Adventures... West of Quetico
by Bryan Whitehead
This time we entered a series of small lakes, with hills and towering pines - still we kept up the pace, pausing only when a shear pin broke on the hardworking motors. Jim, one of the other fathers and a skilled carpenter by trade, had the most shear pin infractions. Fortunately he and his son were cheerful enough in making these repairs while standing in still cold spring melt water.
The next portage and rapids was reached .. and there was no magical wooden skid built. Instead one by one the fathers and older boys waded waist deep into the rushing stream and hauled and dragged the canoes up stream, over rocks, small waterfalls and fallen and trapped logs. At one point we lost one of the smaller boys to the raging current but retrieved him at the bottom of the falls, wet and shivering but cheerfully unhurt.
I decided that this canoe camping was decidedly different than backpacking!

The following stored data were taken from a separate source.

(* Let $L\ge1$ and let $\beta=x_1^{a_1}x_2^{a_2}\cdots x_1^{a_{2L-1}}x_2^{a_{2L}}\in\mathcal{B}_3$ with total degree $D=\sum_{i=1}^{2L}a_i$. (a) If $a_i\ge1$ for all $i$, then $\deg V_3(\beta)\le 3D-2L$. (b) If $a_i\ge2$ for all $i$ and $L\le4$, then $\deg V_3(\beta)=3D-2L$ and the leading coefficient of $V_3(\beta)$ is $1$.
   Context: $\mathcal{B}_3$ is the 3-strand braid group with standard Artin generators $x_1,x_2$; $V_3(\beta)$ is the Jones polynomial of the closure $\widehat\beta$, normalized by $V(\text{unknot})=1$ and $q^{-1}V_{L_+}-qV_{L_-}=(q^{1/2}-q^{-1/2})V_{L_0}$, in the variable $s=q^{-1/2}$ (a Laurent polynomial in $s$). Conventions: closures of $\alpha x_i^{e+2}\gamma$, $\alpha x_i^{e+1}\gamma$, $\alpha x_i^{e}\gamma$ play the roles of $L_-,L_0,L_+$ (e.g. the closure of $x_1^2\in\mathcal B_2$ has Jones polynomial $-s-s^5$). $\deg$ denotes the highest exponent of $s$. *)

theory Defs
  imports "HOL-Computational_Algebra.Formal_Laurent_Series"
begin

text \<open>Laurent polynomials in the variable s are represented as int fls,
  with s = fls_X and s^(-1) = fls_X_inv.\<close>

abbreviation s_var :: "int fls" where "s_var \<equiv> fls_X"
abbreviation s_inv :: "int fls" where "s_inv \<equiv> fls_X_inv"

text \<open>Loop value of the Kauffman bracket, delta = -A^2 - A^(-2), with s = A^(-2).\<close>
definition tl_delta :: "int fls" where
  "tl_delta = - (s_var + s_inv)"

text \<open>Elements of the Temperley-Lieb algebra TL_3 over Z[s,s^(-1)], as coefficient
  vectors on the basis 0 = 1, 1 = e1, 2 = e2, 3 = e1 e2, 4 = e2 e1
  (coefficients at indices other than 0..4 are irrelevant/zero).\<close>
type_synonym tl3 = "nat \<Rightarrow> int fls"

definition tl_one :: tl3 where
  "tl_one = (\<lambda>k. if k = 0 then 1 else 0)"

text \<open>Right multiplication by e1 and e2, using e_i^2 = delta e_i, e1 e2 e1 = e1, e2 e1 e2 = e2.\<close>
definition tl_mul_e1 :: "tl3 \<Rightarrow> tl3" where
  "tl_mul_e1 x = (\<lambda>k. if k = 1 then x 0 + tl_delta * x 1 + x 3
                       else if k = 4 then x 2 + tl_delta * x 4 else 0)"

definition tl_mul_e2 :: "tl3 \<Rightarrow> tl3" where
  "tl_mul_e2 x = (\<lambda>k. if k = 2 then x 0 + tl_delta * x 2 + x 4
                       else if k = 3 then x 1 + tl_delta * x 3 else 0)"

definition tl_mul_e :: "nat \<Rightarrow> tl3 \<Rightarrow> tl3" where
  "tl_mul_e i x = (if i = 1 then tl_mul_e1 x else tl_mul_e2 x)"

text \<open>Braid letters: (i, True) is x_i, (i, False) is x_i^(-1), for i in {1,2}.
  Kauffman bracket: x_i maps to A + A^(-1) e_i and x_i^(-1) to A^(-1) + A e_i; the writhe
  normalisation (-A^3)^(-w) is absorbed letterwise, giving (with s = A^(-2))
  x_i maps to -s - s^2 e_i and x_i^(-1) maps to -s^(-1) - s^(-2) e_i.\<close>
definition tl_letter :: "nat \<times> bool \<Rightarrow> tl3 \<Rightarrow> tl3" where
  "tl_letter g x =
     (let i = fst g in
      if snd g then (\<lambda>k. - s_var * x k - s_var^2 * tl_mul_e i x k)
      else (\<lambda>k. - s_inv * x k - s_inv^2 * tl_mul_e i x k))"

definition tl_word :: "(nat \<times> bool) list \<Rightarrow> tl3" where
  "tl_word w = fold tl_letter w tl_one"

text \<open>Normalised closure trace: the closure of a basis diagram with c loops gets delta^(c-1)
  (so the unknot has value 1): 1 has 3 loops, e1, e2 have 2, e1e2, e2e1 have 1.\<close>
definition tl_trace :: "tl3 \<Rightarrow> int fls" where
  "tl_trace x = tl_delta^2 * x 0 + tl_delta * (x 1 + x 2) + x 3 + x 4"

definition V3 :: "(nat \<times> bool) list \<Rightarrow> int fls" where
  "V3 w = tl_trace (tl_word w)"

definition lp_deg :: "int fls \<Rightarrow> int" where
  "lp_deg f = Max {n. fls_nth f n \<noteq> 0}"

definition lp_lead :: "int fls \<Rightarrow> int" where
  "lp_lead f = fls_nth f (lp_deg f)"

definition alt_braid :: "nat \<Rightarrow> (nat \<Rightarrow> nat) \<Rightarrow> (nat \<times> bool) list" where
  "alt_braid L a = concat (map (\<lambda>i. replicate (a i) (if odd i then 1 else 2, True)) [1..<2*L+1])"

end

theory Submission
  imports Defs
begin

text \<open>
  In TL_3 we have x_i = -s (1 + s e_i), and since s \<delta> = -1 - s^2,
  x_i^n = (-s)^n (1 + c_n e_i) with c_1 = s, c_(n+1) = s - s^2 c_n; so c_n = s - s^3 + ... has
  degree 2n - 1 and top coefficient (-1)^(n-1). Hence V_3(\<beta>) = (-s)^D tr(P), where P is the
  product of the 2L factors 1 + c_(a_j) e_(i_j). Following the five basis coefficients of the
  partial products block by block, each block raises their degree bounds by 2 a_j - 1, which gives
  deg tr(P) \<le> 2D - 2L. If all a_j \<ge> 2, degree 2D - 2L is reached only through the word
  e_1 e_2 ... e_1 e_2 taking one e_i from every block, with coefficient (-1)^D. Finally all
  coefficients of P except that of 1 are divisible by s, so tr(P) has coefficient 1 at s^(-2);
  in particular V_3(\<beta>) \<noteq> 0, so its degree is defined.
\<close>

unbundle fps_syntax

section \<open>Degree bounds for Laurent series\<close>

definition fls_deg_le :: "'a::zero fls \<Rightarrow> int \<Rightarrow> bool" where
  "fls_deg_le f n \<longleftrightarrow> (\<forall>k>n. f $$ k = 0)"

definition fls_subdeg_ge :: "'a::zero fls \<Rightarrow> int \<Rightarrow> bool" where
  "fls_subdeg_ge f n \<longleftrightarrow> (\<forall>k<n. f $$ k = 0)"

lemma fls_deg_le_nth: "fls_deg_le f n \<Longrightarrow> n < k \<Longrightarrow> f $$ k = 0"
  unfolding fls_deg_le_def by auto
definition psd :: "nat \<Rightarrow> (nat \<Rightarrow> nat \<Rightarrow> real) \<Rightarrow> bool" where
  "psd n Z \<longleftrightarrow> symmetric_mat n Z \<and>
     (\<forall>x::nat \<Rightarrow> real. (\<Sum>i=1..n. \<Sum>j=1..n. x i * Z i j * x j) \<ge> 0)"

definition Uhat2 :: "nat \<Rightarrow> (nat \<Rightarrow> real) set" where
  "Uhat2 s = {u. sqrt (\<Sum>i\<in>{2..s+1}. (u i)\<^sup>2) \<le> u 1}"

definition extreme_pt :: "(nat \<Rightarrow> real) set \<Rightarrow> (nat \<Rightarrow> real) \<Rightarrow> bool" where
  "extreme_pt P w \<longleftrightarrow> w \<in> P \<and>
     \<not> (\<exists>u\<in>P. \<exists>v\<in>P. u \<noteq> v \<and> (\<exists>t. 0 < t \<and> t < 1 \<and> w = (\<lambda>k. t * u k + (1 - t) * v k)))"

definition dvec :: "nat \<Rightarrow> nat \<Rightarrow> real" where "dvec s = ev s"

text \<open>B in R^(2s x s): rows 2i-1, 2i equal eps_1^T for i=1, and -eps_(i-1)^T + eps_i^T for i=2..s.\<close>
definition Bmat :: "nat \<Rightarrow> nat \<Rightarrow> nat \<Rightarrow> real" where
  "Bmat s r c = (let i = (r + 1) div 2 in
      if i = 1 then ev 1 c else - ev (i - 1) c + ev i c)"

text \<open>F in R^(2s x (s+1)): row 2i-1 is (e_1+e_(i+1))^T/2, row 2i is (e_1-e_(i+1))^T/2.\<close>
definition Fmat :: "nat \<Rightarrow> nat \<Rightarrow> nat \<Rightarrow> real" where
  "Fmat s r c = (let i = (r + 1) div 2 in
      if odd r then (ev 1 c + ev (i + 1) c) / 2 else (ev 1 c - ev (i + 1) c) / 2)"

text \<open>E = ( -d e_1^T   B^T ) in R^(s x (3s+1)).\<close>
definition Emat :: "nat \<Rightarrow> nat \<Rightarrow> nat \<Rightarrow> real" where
  "Emat s i k = (if k \<le> s + 1 then - dvec s i * ev 1 k else Bmat s (k - (s + 1)) i)"

definition Z11 :: "nat \<Rightarrow> (nat \<Rightarrow> nat \<Rightarrow> real) \<Rightarrow> nat \<Rightarrow> nat \<Rightarrow> real" where
  "Z11 s Z i j = Z i j"
definition Z21 :: "nat \<Rightarrow> (nat \<Rightarrow> nat \<Rightarrow> real) \<Rightarrow> nat \<Rightarrow> nat \<Rightarrow> real" where
  "Z21 s Z i j = Z (s + 1 + i) j"
definition Z22 :: "nat \<Rightarrow> (nat \<Rightarrow> nat \<Rightarrow> real) \<Rightarrow> nat \<Rightarrow> nat \<Rightarrow> real" where
  "Z22 s Z i j = Z (s + 1 + i) (s + 1 + j)"

definition Jmat :: "nat \<Rightarrow> nat \<Rightarrow> real" where
  "Jmat i j = (if i = j then (if i = 1 then 1 else -1) else 0)"

definition Imat :: "nat \<Rightarrow> nat \<Rightarrow> real" where
  "Imat i j = (if i = j then 1 else 0)"

definition g1 :: "nat \<Rightarrow> nat \<Rightarrow> real" where "g1 s = vstack (s + 1) (ev 1) (\<lambda>_. 0)"

definition EZEt_diag :: "nat \<Rightarrow> (nat \<Rightarrow> nat \<Rightarrow> real) \<Rightarrow> nat \<Rightarrow> real" where
  "EZEt_diag s Z i = (\<Sum>k\<in>{1..3 * s + 1}. \<Sum>l\<in>{1..3 * s + 1}. Emat s i k * Z k l * Emat s i l)"

definition objective :: "nat \<Rightarrow> (nat \<Rightarrow> nat \<Rightarrow> real) \<Rightarrow> real" where
  "objective s Z = frob (2 * s) (s+1) (Fmat s) (Z21 s Z)"

definition feasible :: "nat \<Rightarrow> real \<Rightarrow> (nat \<Rightarrow> nat \<Rightarrow> real) \<Rightarrow> bool" where
  "feasible s r Z \<longleftrightarrow>
     symmetric_mat (3 * s + 1) Z \<and>
     (\<forall>i\<in>{1..s}. EZEt_diag s Z i = 0) \<and>
     frob (3 * s + 1) (3 * s + 1) Imat Z \<le> r \<and>
     frob (s+1) (s+1) Jmat (Z11 s Z) \<ge> 0 \<and>
     (\<lambda>i. Z11 s Z i 1) \<in> Uhat2 s \<and>
     (\<forall>i\<in>{1..2 * s}. \<forall>j\<in>{1..2 * s}. Z22 s Z i j \<ge> 0) \<and>
     (\<forall>i\<in>{1..2 * s}. (\<lambda>j. Z21 s Z i j) \<in> Uhat2 s) \<and>
     psd (3 * s + 1) Z \<and>
     frob (3 * s + 1) (3 * s + 1) (outer (g1 s)) Z = 1"

definition optimal :: "nat \<Rightarrow> real \<Rightarrow> (nat \<Rightarrow> nat \<Rightarrow> real) \<Rightarrow> bool" where
  "optimal s r Z \<longleftrightarrow> feasible s r Z \<and> (\<forall>Z'. feasible s r Z' \<longrightarrow> objective s Z' \<le> objective s Z)"

definition Wpoly :: "nat \<Rightarrow> (nat \<Rightarrow> real) set" where
  "Wpoly s = {w. (\<forall>k. k \<notin> {1..2 * s} \<longrightarrow> w k = 0) \<and> (\<forall>j\<in>{1..2 * s}. w j \<ge> 0) \<and>
                 (\<forall>i\<in>{1..s}. (\<Sum>j\<in>{1..2 * s}. Bmat s j i * w j) = dvec s i)}"

definition avec :: "nat \<Rightarrow> nat \<Rightarrow> real" where
  "avec s = vstack (s + 1) (\<lambda>k. 2 * ev 1 k) ones"
definition bvec :: "nat \<Rightarrow> nat \<Rightarrow> nat \<Rightarrow> real" where
  "bvec s i = vstack (s + 1) (\<lambda>k. 2 / sqrt (real s) * ev (i + 1) k) (\<lambda>k. ev (2 * i - 1) k - ev (2 * i) k)"
definition Zopt :: "nat \<Rightarrow> nat \<Rightarrow> nat \<Rightarrow> real" where
  "Zopt s k l = (1/4) * (outer (avec s) k l + (\<Sum>i=1..s. outer (bvec s i) k l))"

end

theory Submission
  imports Defs
begin

text \<open>Upper bound: for feasible \<open>Z\<close>, \<open>Z \<succeq> 0\<close> and \<open>diag(EZE\<^sup>T) = 0\<close> give \<open>ZE\<^sup>T = 0\<close>; since \<open>E\<close>
telescopes along the pairs of rows of \<open>B\<close>, this says that every pair of columns \<open>s+2i, s+2i+1\<close>
of \<open>Z\<close> sums to its first column. Testing \<open>Z \<succeq> 0\<close> against \<open>f\<^sub>2\<^sub>i\<^sub>-\<^sub>1 - f\<^sub>2\<^sub>i - \<surd>s e\<^sub>i\<^sub>+\<^sub>1\<close> and using
\<open>Z\<^sub>2\<^sub>2 \<ge> 0\<close> then bounds the \<open>i\<close>-th contribution to the objective by \<open>(1 + s Z\<^sub>i\<^sub>+\<^sub>1\<^sub>,\<^sub>i\<^sub>+\<^sub>1)/(2\<surd>s)\<close>
beyond \<open>1/2\<close>, and \<open>J \<bullet> Z\<^sub>1\<^sub>1 \<ge> 0\<close> caps \<open>\<Sum> Z\<^sub>i\<^sub>+\<^sub>1\<^sub>,\<^sub>i\<^sub>+\<^sub>1\<close> by \<open>Z\<^sub>1\<^sub>1 = 1\<close>.
Attainment: \<open>Zopt\<close> is a Gram matrix of vectors annihilated by \<open>E\<close>, so it is feasible once
\<open>r \<ge> s + 2 = trace Zopt\<close>.\<close>

lemma sum_cl_ivl_add_split:
  "(\<Sum>k\<in>{1..p+q}. f k) = (\<Sum>k\<in>{1..p}. f k) + (\<Sum>r\<in>{1..q}. f (p+r))" for p q :: nat
  by (induction q) (auto simp: ac_simps)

Finally we reached Lake Kishkatina and set up base camp on a medium sized island. First we engineered a huge blue tarp roof. Old and aged plastic sheeting had previously been stretched horizontally between trees to block the gusting North winds. Generations of fishermen had pounded in nails, now rusty and corroded, in exactly the right locations to hang pots and tie off lines to control our flapping blue tarp roof. The kids had been struggling to carry up the packs from the canoes - when opened these packs discharged their load of tents, sleeping bags, pads, nested pots and pans, a cast iron five burner stove with attachable legs, a 5 gallon propane tank, and full sized chain saw and food. Apple boxes and banana crates were opened to display bags of potatoes, canned food, frozen steaks in oversized Coleman coolers, two liter bottles of soda, bags of candy, fruit, dozens and dozens of eggs, bottles of oil, pancake mix, butcher shop sliced thick slabs of bacon, loves of bakery bread, butter... and this is just what I could see on the top of the boxes. I was astounded. This looked more like a rustic cruise ship than a camp! This was certainly a far cry from the stoic backpacking trips where I huddled over a small stove fixing Raman noodles for dinner carefully rationing my food!